Schema on read is obsolete. Welcome metaprogramming..pdfLars Albertsson

VIP Model Call Girls Hinjewadi ( Pune ) Call ON 8005736733 Starting From 5K t...SUHANI PANDEY

Determinants of health, dimensions of health, positive health and spectrum of...shambhavirathore45

Call Girls Hsr Layout Just Call 👗 7737669865 👗 Top Class Call Girl Service Ba...amitlee9823

Log Analysis using OSSEC sasoasasasas.pptxJohnnyPlasten

Best VIP Call Girls Noida Sector 39 Call Me: 8448380779Delhi Call girls

Call Girls Bannerghatta Road Just Call 👗 7737669865 👗 Top Class Call Girl Ser...amitlee9823

Midocean dropshipping via API with DroFxolyaivanovalion

Zuja dropshipping via API with DroFx.pptxolyaivanovalion

100-Concepts-of-AI by Anupama Kate .pptxAnupama Kate

Chintamani Call Girls: 🍓 7737669865 🍓 High Profile Model Escorts | Bangalore ...amitlee9823

Call Girls in Sarai Kale Khan Delhi 💯 Call Us 🔝9205541914 🔝( Delhi) Escorts S...Delhi Call girls

BigBuy dropshipping via API with DroFx.pptxolyaivanovalion

CHEAP Call Girls in Saket (-DELHI )🔝 9953056974🔝(=)/CALL GIRLS SERVICE9953056974 Low Rate Call Girls In Saket, Delhi NCR

Recently uploaded (20)

CebaBaby dropshipping via API with DroFX.pptx

BDSM⚡Call Girls in Mandawali Delhi >༒8448380779 Escort Service

Vip Model Call Girls (Delhi) Karol Bagh 9711199171✔️Body to body massage wit...

April 2024 - Crypto Market Report's Analysis

Generative AI on Enterprise Cloud with NiFi and Milvus

BPAC WITH UFSBI GENERAL PRESENTATION 18_05_2017-1.pptx

Schema on read is obsolete. Welcome metaprogramming..pdf

VIP Model Call Girls Hinjewadi ( Pune ) Call ON 8005736733 Starting From 5K t...

Determinants of health, dimensions of health, positive health and spectrum of...

Call Girls Hsr Layout Just Call 👗 7737669865 👗 Top Class Call Girl Service Ba...

Log Analysis using OSSEC sasoasasasas.pptx

Best VIP Call Girls Noida Sector 39 Call Me: 8448380779

Call Girls Bannerghatta Road Just Call 👗 7737669865 👗 Top Class Call Girl Ser...

Midocean dropshipping via API with DroFx

Zuja dropshipping via API with DroFx.pptx

100-Concepts-of-AI by Anupama Kate .pptx

Chintamani Call Girls: 🍓 7737669865 🍓 High Profile Model Escorts | Bangalore ...

Call Girls in Sarai Kale Khan Delhi 💯 Call Us 🔝9205541914 🔝( Delhi) Escorts S...

BigBuy dropshipping via API with DroFx.pptx

CHEAP Call Girls in Saket (-DELHI )🔝 9953056974🔝(=)/CALL GIRLS SERVICE

DSS 2019 Transfer Learning in Nlp

1. Transfer learning in NLP What has changed and why is it important for business?
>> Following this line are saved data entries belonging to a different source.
(* Let $A\in\mathbf{R}^{n\times n}$, $C_i\in\mathbf{R}^{m_i\times n}$ ($i=1,\ldots,N$), $H\in\mathbf{R}^{p\times n}$, and let $\mathcal{L}$ be the Laplacian of a directed graph on $N$ nodes. Set $\bar A=I_N\otimes A$, $\bar C=\mathrm{diag}[C_1,\ldots,C_N]$, $\bar H=\mathcal{L}\otimes H$. Then the pair $\left(\begin{bmatrix}\bar C\\ \bar H\end{bmatrix},\bar A\right)$ is detectable if and only if $$\bar{\mathcal{O}}\cap \prod_{i=1}^N\mathcal{C}_i=\{0\},$$ where $\mathcal{C}_i$ is the undetectable subspace of $(C_i,A)$ and $\bar{\mathcal{O}}=\bigcap_{l=1}^{nN}\operatorname{Ker}(\bar H\bar A^{l-1})$ is the unobservable subspace of $(\bar H,\bar A)$.
   Context: Directed graph $\mathbf{G}=(\mathbf{V},\mathbf{E})$, $\mathbf{V}=\{1,\ldots,N\}$, without self-loops; $(j,i)\in\mathbf{E}$ denotes an edge from $j$ to $i$. Adjacency matrix $\mathbf{A}=[\mathbf{a}_{ij}]$ with $\mathbf{a}_{ij}=1$ if $(j,i)\in\mathbf{E}$ and $0$ otherwise; $p_i$ is the in-degree of node $i$; the Laplacian is $\mathcal{L}=\mathrm{diag}[p_1,\ldots,p_N]-\mathbf{A}$. For a matrix $F\in\mathbf{R}^{n\times n}$ with minimal polynomial $\alpha_F(s)$, factor $\alpha_F=\alpha_F^-\alpha_F^+$ where the zeros of $\alpha_F^-$ lie in the open left half-plane and those of $\alpha_F^+$ in the closed right half-plane. The undetectable subspace of a pair $(G,F)$, $G\in\mathbf{R}^{m\times n}$, is $\bigcap_{l=1}^n\operatorname{Ker}(GF^{l-1})\cap\operatorname{Ker}\alpha_F^+(F)$; the pair is detectable iff this subspace is $\{0\}$. $\prod_{i=1}^N\mathcal{C}_i\subseteq\mathbf{R}^{nN}$ denotes the set of stacked vectors $[x_1';\ldots;x_N']'$ with $x_i\in\mathcal{C}_i$. *)

theory Defs
  imports "Jordan_Normal_Form.Matrix_Kernel" "HOL-Computational_Algebra.Polynomial"
begin

definition mat_poly_eval :: "nat \<Rightarrow> real poly \<Rightarrow> real mat \<Rightarrow> real mat" where
  "mat_poly_eval n p F = foldr (\<lambda>c M. c \<cdot>\<^sub>m 1\<^sub>m n + F * M) (coeffs p) (0\<^sub>m n n)"

definition min_poly :: "nat \<Rightarrow> real mat \<Rightarrow> real poly" where
  "min_poly n F = (THE p. lead_coeff p = 1 \<and> mat_poly_eval n p F = 0\<^sub>m n n \<and>
      (\<forall>q. q \<noteq> 0 \<longrightarrow> mat_poly_eval n q F = 0\<^sub>m n n \<longrightarrow> degree p \<le> degree q))"

(* alpha^+ : the (monic, real) factor of a real polynomial collecting all its
   (complex) zeros in the closed right half-plane, with multiplicities *)
definition unstable_part :: "real poly \<Rightarrow> real poly" where
  "unstable_part a = (let ac = map_poly complex_of_real a in
     map_poly Re (\<Prod>z\<in>{z. poly ac z = 0 \<and> Re z \<ge> 0}. [:- z, 1:] ^ order z ac))"

definition undetectable_subspace :: "nat \<Rightarrow> real mat \<Rightarrow> real mat \<Rightarrow> real vec set" where
  "undetectable_subspace n G F =
     {x \<in> carrier_vec n. \<forall>l\<in>{1..n}. (G * F ^\<^sub>m (l - 1)) *\<^sub>v x = 0\<^sub>v (dim_row G)}
     \<inter> mat_kernel (mat_poly_eval n (unstable_part (min_poly n F)) F)"

definition detectable :: "nat \<Rightarrow> real mat \<Rightarrow> real mat \<Rightarrow> bool" where
  "detectable n G F \<longleftrightarrow> undetectable_subspace n G F = {0\<^sub>v n}"

definition unobservable_subspace :: "nat \<Rightarrow> real mat \<Rightarrow> real mat \<Rightarrow> real vec set" where
  "unobservable_subspace n G F =
     {x \<in> carrier_vec n. \<forall>l\<in>{1..n}. (G * F ^\<^sub>m (l - 1)) *\<^sub>v x = 0\<^sub>v (dim_row G)}"

definition kron :: "real mat \<Rightarrow> real mat \<Rightarrow> real mat" where
  "kron A B = mat (dim_row A * dim_row B) (dim_col A * dim_col B)
     (\<lambda>(i,j). A $$ (i div dim_row B, j div dim_col B) * B $$ (i mod dim_row B, j mod dim_col B))"

definition vstack :: "real mat \<Rightarrow> real mat \<Rightarrow> real mat" where
  "vstack A B = mat (dim_row A + dim_row B) (dim_col A)
     (\<lambda>(i,j). if i < dim_row A then A $$ (i,j) else B $$ (i - dim_row A, j))"

definition row_off :: "(nat \<Rightarrow> real mat) \<Rightarrow> nat \<Rightarrow> nat" where
  "row_off C i = (\<Sum>k<i. dim_row (C k))"

definition block_diag :: "nat \<Rightarrow> nat \<Rightarrow> (nat \<Rightarrow> real mat) \<Rightarrow> real mat" where
  "block_diag N n C = mat (row_off C N) (N * n)
     (\<lambda>(r,c). let i = (LEAST i. r < row_off C (Suc i)) in
        if c div n = i then C i $$ (r - row_off C i, c mod n) else 0)"

(* Laplacian of a directed graph on nodes {0..<N}; (j,i) \<in> E is an edge from j to i;
   a_ij = 1 iff (j,i) \<in> E; p_i = in-degree of i *)
definition laplacian :: "nat \<Rightarrow> (nat \<times> nat) set \<Rightarrow> real mat" where
  "laplacian N E = mat N N (\<lambda>(i,j).
     (if i = j then real (card {k. k < N \<and> (k,i) \<in> E}) else 0) - (if (j,i) \<in> E then 1 else 0))"

definition prod_subspaces :: "nat \<Rightarrow> nat \<Rightarrow> (nat \<Rightarrow> real vec set) \<Rightarrow> real vec set" where
  "prod_subspaces N n S = {x \<in> carrier_vec (N * n). \<forall>i<N. vec n (\<lambda>k. x $ (i * n + k)) \<in> S i}"

end

theory Submission
  imports Defs "Jordan_Normal_Form.VS_Connect"
begin

text \<open>
  The matrix \<open>I\<^sub>N \<otimes> A\<close> acts on every \<open>n\<close>-block of a vector as \<open>A\<close>, and so does every
  polynomial in it, with the same polynomial applied to \<open>A\<close>. Hence \<open>I\<^sub>N \<otimes> A\<close> and \<open>A\<close> have the same
  annihilating polynomials and the same minimal polynomial, and the kernel of \<open>\<alpha>\<^sup>+(I\<^sub>N \<otimes> A)\<close> is the
  product of \<open>N\<close> copies of the kernel of \<open>\<alpha>\<^sup>+(A)\<close>. In the same way the observability conditions
  of \<open>diag[C\<^sub>1, \<dots>, C\<^sub>N]\<close> split into the conditions \<open>C\<^sub>i A\<^sup>l x\<^sub>i = 0\<close>, and since the Krylov vectors
  \<open>A\<^sup>l v\<close> become linearly dependent after at most \<open>n\<close> steps, requiring them for \<open>l < nN\<close> is the
  same as requiring them for \<open>l < n\<close>. Stacking \<open>H\<close> below the block-diagonal output matrix
  intersects the unobservable subspaces, so the undetectable subspace of the networked pair is the
  unobservable subspace of \<open>(L \<otimes> H, I\<^sub>N \<otimes> A)\<close> intersected with the product of the local undetectable
  subspaces.
\<close>

lemma mult_mat_vec_zero [simp]: "A \<in> carrier_mat r c \<Longrightarrow> A *\<^sub>v 0\<^sub>v c = (0\<^sub>v r :: 'a :: semiring_0 vec)"
  by (intro eq_vecI) auto

lemma zero_mat_mult_vec [simp]: "x \<in> carrier_vec c \<Longrightarrow> 0\<^sub>m r c *\<^sub>v x = (0\<^sub>v r :: 'a :: semiring_0 vec)"
  by (intro eq_vecI) auto

lemma smult_mat_mult_vec:
  "x \<in> carrier_vec (dim_col X) \<Longrightarrow> (c \<cdot>\<^sub>m X) *\<^sub>v x = c \<cdot>\<^sub>v (X *\<^sub>v (x :: 'a :: comm_semiring_0 vec))"
  by (intro eq_vecI) (auto simp: scalar_prod_def sum_distrib_left mult.assoc intro!: sum.cong)

lemma mat_eq_0_iff_mult_vec:
  assumes "X \<in> carrier_mat r c"
  shows "X = 0\<^sub>m r c \<longleftrightarrow> (\<forall>x\<in>carrier_vec c. X *\<^sub>v x = (0\<^sub>v r :: 'a :: semiring_1 vec))"
proof
  assume zero: "\<forall>x\<in>carrier_vec c. X *\<^sub>v x = 0\<^sub>v r"
  show "X = 0\<^sub>m r c"
  proof (rule eq_matI)
    fix i j assume "i < dim_row (0\<^sub>m r c :: 'a mat)" "j < dim_col (0\<^sub>m r c :: 'a mat)"
    moreover from this have "X $$ (i, j) = (X *\<^sub>v unit_vec c j) $ i" using assms by auto
    ultimately show "X $$ (i, j) = 0\<^sub>m r c $$ (i, j)" using zero by simp
  qed (use assms in auto)
qed (use assms in auto)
Jakub Nowacki, PhD Lead Machine Learning Engineer @ Sotrender Trainer @ Sages

2. Transfer Learning https://medium.com/@pierre_guillou/understand-how-works-resnet-without-talking-about-residual-64698f157e0 c 😭😎

3. Embeddings (Word2vec, FastText etc.) https://towardsdatascience.com/word-embedding-with-word2vec-and-fasttext-a209c1d3e12c

4. So what is wrong with that? [0.0, 0.0, …, 0.0]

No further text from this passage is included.